Lines in the entries below where the word "forall" shows up should each be copied.
### GIVEN INFORMATION ###
(* Let $(P,\le,A_1\ldots A_k)$ be a regular poset of width $w$ and let $(u,s)$ be any characteristics. Then the poset $(\mathcal{P}(u,s),\le_{(u,s)})$ of active nodes with characteristics $(u,s)$ has width at most $\lfloor\sqrt{w}\rfloor$.
   Context: Let $(P,\le)$ be a finite poset of width $w$. For $A\subseteq P$ let $A{\uparrow}=\{y: x\le y\text{ for some }x\in A\}$, $A{\downarrow}=\{y: y\le x\text{ for some }x\in A\}$. For maximal antichains $A,B$ write $A\sqsubseteq B$ if $A\subseteq B{\downarrow}$, and $A\sqsubset B$ if also $A\ne B$. For disjoint antichains $A\sqsubset B$, $(A,B,<)$ is the bipartite graph with classes $A,B$ and edges $(a<b)$ for $a\in A,b\in B$, $a<b$; it is regular if every edge lies in a perfect matching. A regular poset $(P,\le,A_1\ldots A_k)$: $A_1,\dots,A_k$ are maximum antichains partitioning $P$, $(\{A_1,\dots,A_k\},\sqsubseteq)$ is a linear order with minimum $A_1$ and maximum $A_2$, $a<b$ for all $a\in A_1,b\in A_2$, and for every $t\in[2,k]$ and every $A_p\sqsubset A_s$ consecutive in $(\{A_1,\dots,A_t\},\sqsubseteq)$ the graph $(A_p,A_s,<)$ is regular. A node is a bipartite graph $N=(X,Y,<)$ where, for some such consecutive pair $A_p\sqsubset A_s$ (at some stage $t$), $X\subseteq A_p$, $Y\subseteq A_s$ and $X\cup Y$ is the vertex set of a connected component of $(A_p,A_s,<)$. Its width is $|X|=|Y|$, $\mathrm{Int}(N)=X{\uparrow}\cap Y{\downarrow}$, and its surplus is the largest $k$ such that $|A{\uparrow}\cap Y|\ge\min\{|A|+k,|Y|\}$ for all non-empty $A\subseteq X$ ($\infty$ if $N$ is complete bipartite); its characteristics is the pair (width, surplus). Node tree: the set of all nodes, where when for $t\ge3$ the antichain $A_t$ is inserted between $A_p\sqsubset A_s$ consecutive at stage $t-1$, each node $M$ of $(A_p,A_t,<)$ or $(A_t,A_s,<)$ is a child of the unique node $N$ of $(A_p,A_s,<)$ with $\mathrm{Int}(M)\subset\mathrm{Int}(N)$; it is a rooted tree with root $(A_1,A_2,<)$. A Dilworth clique of width $m$ in a node $(X,Y,<)$ is a set $\{x_1,\dots,x_m,y_1,\dots,y_m\}$ with $x_i\in X$, $y_i\in Y$, $x_i<y_j$ for all $i,j\in[m]$, such that the edges $x_1<y_1,\dots,x_m<y_m$ extend to a perfect matching of $(X,Y,<)$. A node is active if it contains a Dilworth clique of width $\lceil\sqrt{w}\rceil$ and no proper ancestor of it in the node tree has the same characteristics. For each active node $N$ fix a Dilworth clique $R(N)$ of width $\lceil\sqrt w\rceil$ in $N$. $\mathcal{P}(u,s)$ is the set of active nodes with characteristics $(u,s)$, and for $N,K\in\mathcal{P}(u,s)$, $N<_{(u,s)}K$ iff there are a maximal element $x$ of $(R(N),\le)$ and a minimal element $y$ of $(R(K),\le)$ with $x\le y$; $\le_{(u,s)}$ is the resulting partial order. *)

theory Defs
  imports Main "HOL-Library.Extended_Nat"
begin

definition po_on :: "'a set \<Rightarrow> ('a \<Rightarrow> 'a \<Rightarrow> bool) \<Rightarrow> bool" where
  "po_on P le \<longleftrightarrow> (\<forall>x\<in>P. le x x)
     \<and> (\<forall>x\<in>P. \<forall>y\<in>P. le x y \<and> le y x \<longrightarrow> x = y)
     \<and> (\<forall>x\<in>P. \<forall>y\<in>P. \<forall>z\<in>P. le x y \<and> le y z \<longrightarrow> le x z)"

definition lt :: "('a \<Rightarrow> 'a \<Rightarrow> bool) \<Rightarrow> 'a \<Rightarrow> 'a \<Rightarrow> bool" where
  "lt le x y \<longleftrightarrow> le x y \<and> x \<noteq> y"

definition antichain_on :: "'a set \<Rightarrow> ('a \<Rightarrow> 'a \<Rightarrow> bool) \<Rightarrow> 'a set \<Rightarrow> bool" where
  "antichain_on D r S \<longleftrightarrow> S \<subseteq> D \<and> (\<forall>x\<in>S. \<forall>y\<in>S. r x y \<longrightarrow> x = y)"

definition rel_width :: "'a set \<Rightarrow> ('a \<Rightarrow> 'a \<Rightarrow> bool) \<Rightarrow> nat" where
  "rel_width D r = Max (card ` {S. antichain_on D r S})"

definition maximum_antichain :: "'a set \<Rightarrow> ('a \<Rightarrow> 'a \<Rightarrow> bool) \<Rightarrow> 'a set \<Rightarrow> bool" where
  "maximum_antichain P le S \<longleftrightarrow> antichain_on P le S \<and> card S = rel_width P le"

definition maximal_antichain :: "'a set \<Rightarrow> ('a \<Rightarrow> 'a \<Rightarrow> bool) \<Rightarrow> 'a set \<Rightarrow> bool" where
  "maximal_antichain P le S \<longleftrightarrow> antichain_on P le S
     \<and> (\<forall>T. antichain_on P le T \<and> S \<subseteq> T \<longrightarrow> T = S)"

definition up_set :: "'a set \<Rightarrow> ('a \<Rightarrow> 'a \<Rightarrow> bool) \<Rightarrow> 'a set \<Rightarrow> 'a set" where
  "up_set P le A = {y\<in>P. \<exists>x\<in>A. le x y}"

definition down_set :: "'a set \<Rightarrow> ('a \<Rightarrow> 'a \<Rightarrow> bool) \<Rightarrow> 'a set \<Rightarrow> 'a set" where
  "down_set P le A = {y\<in>P. \<exists>x\<in>A. le y x}"

definition ac_le :: "'a set \<Rightarrow> ('a \<Rightarrow> 'a \<Rightarrow> bool) \<Rightarrow> 'a set \<Rightarrow> 'a set \<Rightarrow> bool" where
  "ac_le P le A B \<longleftrightarrow> maximal_antichain P le A \<and> maximal_antichain P le B
     \<and> A \<subseteq> down_set P le B"

definition ac_less :: "'a set \<Rightarrow> ('a \<Rightarrow> 'a \<Rightarrow> bool) \<Rightarrow> 'a set \<Rightarrow> 'a set \<Rightarrow> bool" where
  "ac_less P le A B \<longleftrightarrow> ac_le P le A B \<and> A \<noteq> B"

definition perfect_matching :: "('a \<Rightarrow> 'a \<Rightarrow> bool) \<Rightarrow> 'a set \<Rightarrow> 'a set \<Rightarrow> ('a \<Rightarrow> 'a) \<Rightarrow> bool" where
  "perfect_matching le X Y f \<longleftrightarrow> bij_betw f X Y \<and> (\<forall>x\<in>X. lt le x (f x))"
###
● **ANSWER AREA**:
  "po_on P le \<longleftrightarrow> (\<forall>x\<in>P. le x x)
     \<and> (\<forall>x\<in>P. \<forall>y\<in>P. le x y \<and> le y x \<longrightarrow> x = y)
     \<and> (\<forall>x\<in>P. \<forall>y\<in>P. \<forall>z\<in>P. le x y \<and> le y z \<longrightarrow> le x z)"
  "antichain_on D r S \<longleftrightarrow> S \<subseteq> D \<and> (\<forall>x\<in>S. \<forall>y\<in>S. r x y \<longrightarrow> x = y)"
     \<and> (\<forall>T. antichain_on P le T \<and> S \<subseteq> T \<longrightarrow> T = S)"
  "perfect_matching le X Y f \<longleftrightarrow> bij_betw f X Y \<and> (\<forall>x\<in>X. lt le x (f x))"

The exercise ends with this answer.